(* Let PS1 and PS2 be pure strategies (as in the context) with $m_{PS1}$ finite, and suppose PS2 is inferior to PS1, i.e. $\Delta_{PS1}(X)\ge\Delta_{PS2}(X)$ for every $X\in\mathcal{S}_{\mathrm{non}}$ and $\Delta_{PS1}(X)>\Delta_{PS2}(X)$ for some $X\in\mathcal{S}_{\mathrm{non}}$. Then for any mixed strategy MS derived from PS1 and PS2, $\max\{m_{MS}(X):X\in\mathcal{S}\}\ge\max\{m_{PS1}(X):X\in\mathcal{S}\}$.
   Context: A fitness function $f$ on a finite set is to be maximised. A metaheuristic generates populations $\Phi_0,\Phi_1,\dots$. Let $\mathcal{S}$ be the finite set of all populations, $\mathcal{S}_{\mathrm{opt}}$ those containing at least one optimal solution, $\mathcal{S}_{\mathrm{non}}=\mathcal{S}\setminus\mathcal{S}_{\mathrm{opt}}$. The sequence is a time-homogeneous Markov chain on $\mathcal{S}$ with transition probabilities $P(X,Y)=\Pr(\Phi_{t+1}=Y\mid\Phi_t=X)$, every state of $\mathcal{S}_{\mathrm{opt}}$ absorbing. The expected hitting time $m(X)\in[0,\infty]$ is the expected number of generations until first entering $\mathcal{S}_{\mathrm{opt}}$ from $\Phi_0=X$ ($m(X)=0$ on $\mathcal{S}_{\mathrm{opt}}$). A pure strategy is such a time-independent transition matrix. PS1, PS2 are pure strategies with transition matrices $P_1,P_2$ on the same $\mathcal{S}$ (with $\mathcal{S}_{\mathrm{opt}}$ absorbing), expected hitting times $m_{PS1},m_{PS2}$. A mixed strategy MS derived from PS1 and PS2 assigns to each $X\in\mathcal{S}$ probabilities $P_X(PS1)\in[0,1]$, $P_X(PS2)=1-P_X(PS1)$, and has transition matrix $P_{MS}(X,Y)=P_X(PS1)P_1(X,Y)+P_X(PS2)P_2(X,Y)$, with expected hitting time $m_{MS}$. With $d(X)=m_{PS1}(X)$, for $X\in\mathcal{S}_{\mathrm{non}}$: $\Delta_{PS1}(X)=d(X)-\sum_{Y\in\mathcal{S}_{\mathrm{non}}}P_1(X,Y)d(Y)$, $\Delta_{PS2}(X)=d(X)-\sum_{Y\in\mathcal{S}_{\mathrm{non}}}P_2(X,Y)d(Y)$. *)

theory Defs
  imports "HOL-Analysis.Analysis"
begin

text \<open>Populations form the finite type 'a (so the state space S is UNIV).
  Opt is the set S_opt of populations containing an optimal solution.
  A transition matrix is a function P :: 'a => 'a => real.\<close>

definition transition_matrix :: "'a::finite set \<Rightarrow> ('a \<Rightarrow> 'a \<Rightarrow> real) \<Rightarrow> bool" where
  "transition_matrix Opt P \<longleftrightarrow>
     (\<forall>X Y. 0 \<le> P X Y) \<and> (\<forall>X. (\<Sum>Y\<in>UNIV. P X Y) = 1) \<and> (\<forall>X\<in>Opt. P X X = 1)"

text \<open>surv Opt P t X = Pr(Phi_0,...,Phi_t all lie outside Opt | Phi_0 = X) = Pr(T > t).\<close>
fun surv :: "'a::finite set \<Rightarrow> ('a \<Rightarrow> 'a \<Rightarrow> real) \<Rightarrow> nat \<Rightarrow> 'a \<Rightarrow> real" where
  "surv Opt P 0 X = (if X \<notin> Opt then 1 else 0)"
| "surv Opt P (Suc t) X = (if X \<notin> Opt then (\<Sum>Y\<in>- Opt. P X Y * surv Opt P t Y) else 0)"

text \<open>Expected hitting time E[T] = sum over t >= 0 of Pr(T > t), a value in [0, infinity].\<close>
definition hitting_time :: "'a::finite set \<Rightarrow> ('a \<Rightarrow> 'a \<Rightarrow> real) \<Rightarrow> 'a \<Rightarrow> ennreal" where
  "hitting_time Opt P X = (\<Sum>t. ennreal (surv Opt P t X))"

text \<open>Mixed strategy transition matrix, with pX X = P_X(PS1).\<close>
definition mixed :: "('a \<Rightarrow> real) \<Rightarrow> ('a \<Rightarrow> 'a \<Rightarrow> real) \<Rightarrow> ('a \<Rightarrow> 'a \<Rightarrow> real) \<Rightarrow> 'a \<Rightarrow> 'a \<Rightarrow> real" where
  "mixed pX P1 P2 X Y = pX X * P1 X Y + (1 - pX X) * P2 X Y"

definition drift :: "'a::finite set \<Rightarrow> ('a \<Rightarrow> 'a \<Rightarrow> real) \<Rightarrow> ('a \<Rightarrow> real) \<Rightarrow> 'a \<Rightarrow> real" where
  "drift Opt P d X = d X - (\<Sum>Y\<in>- Opt. P X Y * d Y)"

end

theory Submission
  imports Defs
begin

text \<open>Since d = m_PS1 is finite, it satisfies the first-step equation, i.e. its PS1-drift is 1
  on the non-optimal populations. The drift of d under the mixed strategy is a convex combination
  of its PS1- and PS2-drifts, hence at most 1 by inferiority of PS2. A function whose drift under a
  strategy is at most 1 is a lower bound for that strategy's expected hitting time (iterate the
  inequality n times and let n tend to infinity), so m_PS1 \<le> m_MS pointwise and the maxima
  compare accordingly.\<close>

lemma surv_nonneg:
  assumes "\<forall>X Y. 0 \<le> P X Y"
  shows "0 \<le> surv Opt P t X"
  using assms by (induction t arbitrary: X) (auto intro!: sum_nonneg mult_nonneg_nonneg)

lemma surv_Opt: "X \<in> Opt \<Longrightarrow> surv Opt P t X = 0"
  by (cases t) auto

lemma hitting_time_Opt: "X \<in> Opt \<Longrightarrow> hitting_time Opt P X = 0"
  by (simp add: hitting_time_def surv_Opt)

lemma hitting_time_finite_summable:
  assumes "\<forall>X Y. 0 \<le> P X Y" and "hitting_time Opt P X < \<infinity>"
  shows "summable (\<lambda>t. surv Opt P t X)"
  using assms surv_nonneg[OF assms(1)] summable_suminf_not_top unfolding hitting_time_def
  by (metis infinity_ennreal_def less_irrefl)

lemma hitting_time_finite_eq_suminf:
  assumes "\<forall>X Y. 0 \<le> P X Y" and "hitting_time Opt P X < \<infinity>"
  shows "hitting_time Opt P X = ennreal (\<Sum>t. surv Opt P t X)"
  unfolding hitting_time_def
  using suminf_ennreal2[OF _ hitting_time_finite_summable[OF assms]] surv_nonneg[OF assms(1)]
  by blast

lemma enn2real_hitting_time:
  assumes "\<forall>X Y. 0 \<le> P X Y" and "hitting_time Opt P X < \<infinity>"
  shows "enn2real (hitting_time Opt P X) = (\<Sum>t. surv Opt P t X)"
  using hitting_time_finite_eq_suminf[OF assms]
    suminf_nonneg[OF hitting_time_finite_summable[OF assms] surv_nonneg[OF assms(1)]]
  by simp

lemma drift_hitting_time_eq_1:
  assumes nn: "\<forall>X Y. 0 \<le> P X Y" and fin: "\<forall>X. hitting_time Opt P X < \<infinity>"
    and X: "X \<notin> Opt"
  shows "drift Opt P (\<lambda>Z. enn2real (hitting_time Opt P Z)) X = 1"
proof -
  let ?s = "\<lambda>t Y. surv Opt P t Y"
  have sm: "\<And>Y. summable (\<lambda>t. ?s t Y)"
    using hitting_time_finite_summable[OF nn] fin by blast
  have "(\<Sum>t. ?s t X) = ?s 0 X + (\<Sum>t. ?s (Suc t) X)"
    using suminf_split_head[OF sm[of X]] by simp
  also have "(\<Sum>t. ?s (Suc t) X) = (\<Sum>t. \<Sum>Y\<in>- Opt. P X Y * ?s t Y)"
    using X by simp
  also have "\<dots> = (\<Sum>Y\<in>- Opt. \<Sum>t. P X Y * ?s t Y)"
    by (rule suminf_sum) (intro summable_mult sm)
  also have "\<dots> = (\<Sum>Y\<in>- Opt. P X Y * (\<Sum>t. ?s t Y))"
    by (intro sum.cong refl suminf_mult sm)
  finally show ?thesis
    using X fin by (simp add: drift_def enn2real_hitting_time[OF nn])
qed

lemma drift_mixed:
  "drift Opt (mixed pX P1 P2) d X = pX X * drift Opt P1 d X + (1 - pX X) * drift Opt P2 d X"
  unfolding drift_def mixed_def
  by (simp add: sum.distrib sum_distrib_left sum_subtractf algebra_simps)

lemma surv_partial_sum_bound:
  fixes d :: "'a::finite \<Rightarrow> real"
  assumes nn: "\<forall>X Y. 0 \<le> P X Y"
    and sub: "\<And>X. X \<notin> Opt \<Longrightarrow> drift Opt P d X \<le> 1"
    and X: "X \<notin> Opt"
  shows "d X \<le> (\<Sum>t<n. surv Opt P t X) + Max (range d) * surv Opt P n X"
  using X
proof (induction n arbitrary: X)
  case 0
  then show ?case by simp
next
  case (Suc n)
  let ?M = "Max (range d)"
  have "d X \<le> 1 + (\<Sum>Y\<in>- Opt. P X Y * d Y)"
    using sub[OF Suc.prems] by (simp add: drift_def)
  also have "\<dots> \<le> 1 + (\<Sum>Y\<in>- Opt. P X Y * ((\<Sum>t<n. surv Opt P t Y) + ?M * surv Opt P n Y))"
    using Suc.IH nn by (intro add_left_mono sum_mono mult_left_mono) auto
  also have "\<dots> = 1 + (\<Sum>t<n. surv Opt P (Suc t) X) + ?M * surv Opt P (Suc n) X"
    using Suc.prems
    by (simp add: algebra_simps sum.distrib sum_distrib_left sum.swap[of _ "-Opt"])
  also have "\<dots> = (\<Sum>t<Suc n. surv Opt P t X) + ?M * surv Opt P (Suc n) X"
    using Suc.prems by (simp only: sum.lessThan_Suc_shift surv.simps(1) if_True) simp
  finally show ?case .
qed

lemma hitting_time_ge_drift_le_1:
  fixes d :: "'a::finite \<Rightarrow> real"
  assumes nn: "\<forall>X Y. 0 \<le> P X Y"
    and sub: "\<And>X. X \<notin> Opt \<Longrightarrow> drift Opt P d X \<le> 1"
    and X: "X \<notin> Opt"
  shows "ennreal (d X) \<le> hitting_time Opt P X"
proof (cases "hitting_time Opt P X < \<infinity>")
  case False
  then show ?thesis by (simp add: not_less top_unique)
next
  case True
  have sm: "summable (\<lambda>t. surv Opt P t X)"
    using hitting_time_finite_summable[OF nn True] .
  have "(\<lambda>n. (\<Sum>t<n. surv Opt P t X) + Max (range d) * surv Opt P n X)
      \<longlonglongrightarrow> (\<Sum>t. surv Opt P t X) + Max (range d) * 0"
    by (intro tendsto_intros summable_LIMSEQ sm summable_LIMSEQ_zero)
  then have "d X \<le> (\<Sum>t. surv Opt P t X)"
    using LIMSEQ_le_const surv_partial_sum_bound[OF nn sub X] by fastforce
  then show ?thesis
    using hitting_time_finite_eq_suminf[OF nn True] by (simp add: ennreal_leI)
qed

lemma Max_range_mono:
  fixes f g :: "'a::finite \<Rightarrow> 'b::linorder"
  assumes "\<And>X. f X \<le> g X"
  shows "Max (range f) \<le> Max (range g)"
proof -
  obtain X where "Max (range f) = f X"
    using Max_in[of "range f"] by (metis UNIV_not_empty empty_is_image finite finite_imageI imageE)
  also have "f X \<le> g X" by (rule assms)
  also have "g X \<le> Max (range g)" by simp
  finally show ?thesis .
qed

theorem corollary3:
  fixes Opt :: "'a::finite set"
    and P1 P2 :: "'a \<Rightarrow> 'a \<Rightarrow> real"
    and pX :: "'a \<Rightarrow> real"
  assumes tm1: "transition_matrix Opt P1"
    and tm2: "transition_matrix Opt P2"
    and fin1: "\<forall>X. hitting_time Opt P1 X < \<infinity>"
    and inf_ge: "\<forall>X\<in>- Opt.
        drift Opt P1 (\<lambda>Z. enn2real (hitting_time Opt P1 Z)) X
          \<ge> drift Opt P2 (\<lambda>Z. enn2real (hitting_time Opt P1 Z)) X"
    and inf_gt: "\<exists>X\<in>- Opt.
        drift Opt P1 (\<lambda>Z. enn2real (hitting_time Opt P1 Z)) X
          > drift Opt P2 (\<lambda>Z. enn2real (hitting_time Opt P1 Z)) X"
    and pX: "\<forall>X. 0 \<le> pX X \<and> pX X \<le> 1"
  shows "Max (range (hitting_time Opt (mixed pX P1 P2)))
           \<ge> Max (range (hitting_time Opt P1))"
proof (rule Max_range_mono)
  fix X
  let ?d = "\<lambda>Z. enn2real (hitting_time Opt P1 Z)"
  have nn1: "\<forall>X Y. 0 \<le> P1 X Y" and nn2: "\<forall>X Y. 0 \<le> P2 X Y"
    using tm1 tm2 unfolding transition_matrix_def by blast+
  have nn: "\<forall>X Y. 0 \<le> mixed pX P1 P2 X Y"
    using nn1 nn2 pX by (simp add: mixed_def)
  have "drift Opt (mixed pX P1 P2) ?d Z \<le> 1" if "Z \<notin> Opt" for Z
  proof -
    have P1: "drift Opt P1 ?d Z = 1"
      using drift_hitting_time_eq_1[OF nn1 fin1 that] .
    moreover have "drift Opt P2 ?d Z \<le> 1"
      using inf_ge that unfolding P1[symmetric] by blast
    then have "(1 - pX Z) * drift Opt P2 ?d Z \<le> 1 - pX Z"
      using pX mult_left_mono[of _ 1 "1 - pX Z"] by simp
    ultimately show ?thesis by (simp add: drift_mixed)
  qed
  then have "X \<notin> Opt \<Longrightarrow> ennreal (?d X) \<le> hitting_time Opt (mixed pX P1 P2) X"
    by (rule hitting_time_ge_drift_le_1[OF nn])
  then show "hitting_time Opt P1 X \<le> hitting_time Opt (mixed pX P1 P2) X"
    using fin1 by (cases "X \<in> Opt") (auto simp: hitting_time_Opt less_top)
qed

end
(* A connected subcubic graph $G$ satisfies $2\alpha(G)=\mathrm{diss}(G)$ if and only if $G\in\mathcal{G}$.
   Context: All graphs are finite, simple and undirected; subcubic means maximum degree at most $3$. $\alpha(G)$ is the independence number. A set $D$ of vertices is a dissociation set if $G[D]$ has maximum degree at most $1$, and $\mathrm{diss}(G)$ is the maximum order of a dissociation set. Let $K_4^*$ be the graph obtained from $K_4$ with vertices $a,b,c,d$ by subdividing the edge $ab$ twice (i.e. replacing $ab$ by a path $a\,x\,y\,b$ with two new vertices $x,y$). The class $\mathcal{G}$ consists of $K_4$ together with all connected subcubic graphs obtained as follows: take the disjoint union of (at least one, finitely many) copies of the following three marked graphs: (1) $K_2$ with both vertices marked; (2) $K_3$ with exactly two of its three vertices marked; (3) $K_4^*$ with the two subdivision vertices $x,y$ and the vertices $c,d$ marked (so $a,b$ are unmarked); then add additional edges between vertices of the union, each added edge being incident with at most one marked vertex, such that the resulting graph is simple, connected and subcubic. *)

theory Defs
  imports Main "HOL-Library.Disjoint_Sets"
begin

definition simple_graph :: "'a set \<Rightarrow> 'a set set \<Rightarrow> bool" where
  "simple_graph V E \<longleftrightarrow> finite V \<and>
     (\<forall>e\<in>E. \<exists>u v. e = {u, v} \<and> u \<noteq> v \<and> u \<in> V \<and> v \<in> V)"

definition degree :: "'a set set \<Rightarrow> 'a \<Rightarrow> nat" where
  "degree E v = card {e \<in> E. v \<in> e}"

definition subcubic :: "'a set \<Rightarrow> 'a set set \<Rightarrow> bool" where
  "subcubic V E \<longleftrightarrow> (\<forall>v\<in>V. degree E v \<le> 3)"

definition adj :: "'a set set \<Rightarrow> 'a \<Rightarrow> 'a \<Rightarrow> bool" where
  "adj E u v \<longleftrightarrow> {u, v} \<in> E"

definition connected_graph :: "'a set \<Rightarrow> 'a set set \<Rightarrow> bool" where
  "connected_graph V E \<longleftrightarrow> V \<noteq> {} \<and> (\<forall>u\<in>V. \<forall>v\<in>V. (adj E)\<^sup>*\<^sup>* u v)"

definition independent_set :: "'a set \<Rightarrow> 'a set set \<Rightarrow> 'a set \<Rightarrow> bool" where
  "independent_set V E S \<longleftrightarrow> S \<subseteq> V \<and> (\<forall>u\<in>S. \<forall>v\<in>S. \<not> adj E u v)"

definition alpha :: "'a set \<Rightarrow> 'a set set \<Rightarrow> nat" where
  "alpha V E = Max (card ` {S. independent_set V E S})"

definition dissociation_set :: "'a set \<Rightarrow> 'a set set \<Rightarrow> 'a set \<Rightarrow> bool" where
  "dissociation_set V E S \<longleftrightarrow> S \<subseteq> V \<and> (\<forall>v\<in>S. card {u\<in>S. adj E u v} \<le> 1)"

definition diss :: "'a set \<Rightarrow> 'a set set \<Rightarrow> nat" where
  "diss V E = Max (card ` {S. dissociation_set V E S})"

text \<open>The three marked template graphs, indexed 0 (K2), 1 (K3), 2 (K4*).
  For K4*: a = 0, b = 1, c = 2, d = 3, x = 4, y = 5.\<close>
definition templ_V :: "nat \<Rightarrow> nat set" where
  "templ_V t = (if t = 0 then {0, 1} else if t = 1 then {0, 1, 2} else {0, 1, 2, 3, 4, 5})"

definition templ_E :: "nat \<Rightarrow> nat set set" where
  "templ_E t = (if t = 0 then {{0, 1}}
     else if t = 1 then {{0, 1}, {0, 2}, {1, 2}}
     else {{0, 2}, {0, 3}, {1, 2}, {1, 3}, {2, 3}, {0, 4}, {4, 5}, {5, 1}})"

definition templ_M :: "nat \<Rightarrow> nat set" where
  "templ_M t = (if t = 0 then {0, 1} else if t = 1 then {0, 1} else {4, 5, 2, 3})"

definition is_K4 :: "'a set \<Rightarrow> 'a set set \<Rightarrow> bool" where
  "is_K4 V E \<longleftrightarrow> card V = 4 \<and> E = {{u, v} | u v. u \<in> V \<and> v \<in> V \<and> u \<noteq> v}"

text \<open>Membership in the class \<G>: K4, or obtained from a disjoint union of copies of the
  marked templates (vertex partition P, copy X is the image of template ty X under the
  bijection emb X, M the set of marked vertices) by adding edges, each of which
  contains at most one marked vertex.\<close>
definition in_class_G :: "'a set \<Rightarrow> 'a set set \<Rightarrow> bool" where
  "in_class_G V E \<longleftrightarrow> is_K4 V E \<or>
    (\<exists>P M (ty :: 'a set \<Rightarrow> nat) (emb :: 'a set \<Rightarrow> nat \<Rightarrow> 'a).
       partition_on V P \<and>
       (\<forall>X\<in>P. ty X \<in> {0, 1, 2} \<and> bij_betw (emb X) (templ_V (ty X)) X \<and>
              (\<forall>e\<in>templ_E (ty X). emb X ` e \<in> E) \<and>
              M \<inter> X = emb X ` templ_M (ty X)) \<and>
       (\<forall>e\<in>E. \<not> (\<exists>X\<in>P. \<exists>e'\<in>templ_E (ty X). e = emb X ` e') \<longrightarrow> card (e \<inter> M) \<le> 1))"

□ □ □ □ □ □ □

• Assignment
Set down exactly the lines of the data above, beginning with the line that has "Opt P \<longleftrightarrow>" and ending with the line that has "of its PS1- and", and no others.

• Solution to this exercise
  "transition_matrix Opt P \<longleftrightarrow>
     (\<forall>X Y. 0 \<le> P X Y) \<and> (\<forall>X. (\<Sum>Y\<in>UNIV. P X Y) = 1) \<and> (\<forall>X\<in>Opt. P X X = 1)"

text \<open>surv Opt P t X = Pr(Phi_0,...,Phi_t all lie outside Opt | Phi_0 = X) = Pr(T > t).\<close>
fun surv :: "'a::finite set \<Rightarrow> ('a \<Rightarrow> 'a \<Rightarrow> real) \<Rightarrow> nat \<Rightarrow> 'a \<Rightarrow> real" where
  "surv Opt P 0 X = (if X \<notin> Opt then 1 else 0)"
| "surv Opt P (Suc t) X = (if X \<notin> Opt then (\<Sum>Y\<in>- Opt. P X Y * surv Opt P t Y) else 0)"

text \<open>Expected hitting time E[T] = sum over t >= 0 of Pr(T > t), a value in [0, infinity].\<close>
definition hitting_time :: "'a::finite set \<Rightarrow> ('a \<Rightarrow> 'a \<Rightarrow> real) \<Rightarrow> 'a \<Rightarrow> ennreal" where
  "hitting_time Opt P X = (\<Sum>t. ennreal (surv Opt P t X))"

text \<open>Mixed strategy transition matrix, with pX X = P_X(PS1).\<close>
definition mixed :: "('a \<Rightarrow> real) \<Rightarrow> ('a \<Rightarrow> 'a \<Rightarrow> real) \<Rightarrow> ('a \<Rightarrow> 'a \<Rightarrow> real) \<Rightarrow> 'a \<Rightarrow> 'a \<Rightarrow> real" where
  "mixed pX P1 P2 X Y = pX X * P1 X Y + (1 - pX X) * P2 X Y"

definition drift :: "'a::finite set \<Rightarrow> ('a \<Rightarrow> 'a \<Rightarrow> real) \<Rightarrow> ('a \<Rightarrow> real) \<Rightarrow> 'a \<Rightarrow> real" where
  "drift Opt P d X = d X - (\<Sum>Y\<in>- Opt. P X Y * d Y)"

end

theory Submission
  imports Defs
begin

text \<open>Since d = m_PS1 is finite, it satisfies the first-step equation, i.e. its PS1-drift is 1
  on the non-optimal populations. The drift of d under the mixed strategy is a convex combination
  of its PS1- and PS2-drifts, hence at most 1 by inferiority of PS2. A function whose drift under a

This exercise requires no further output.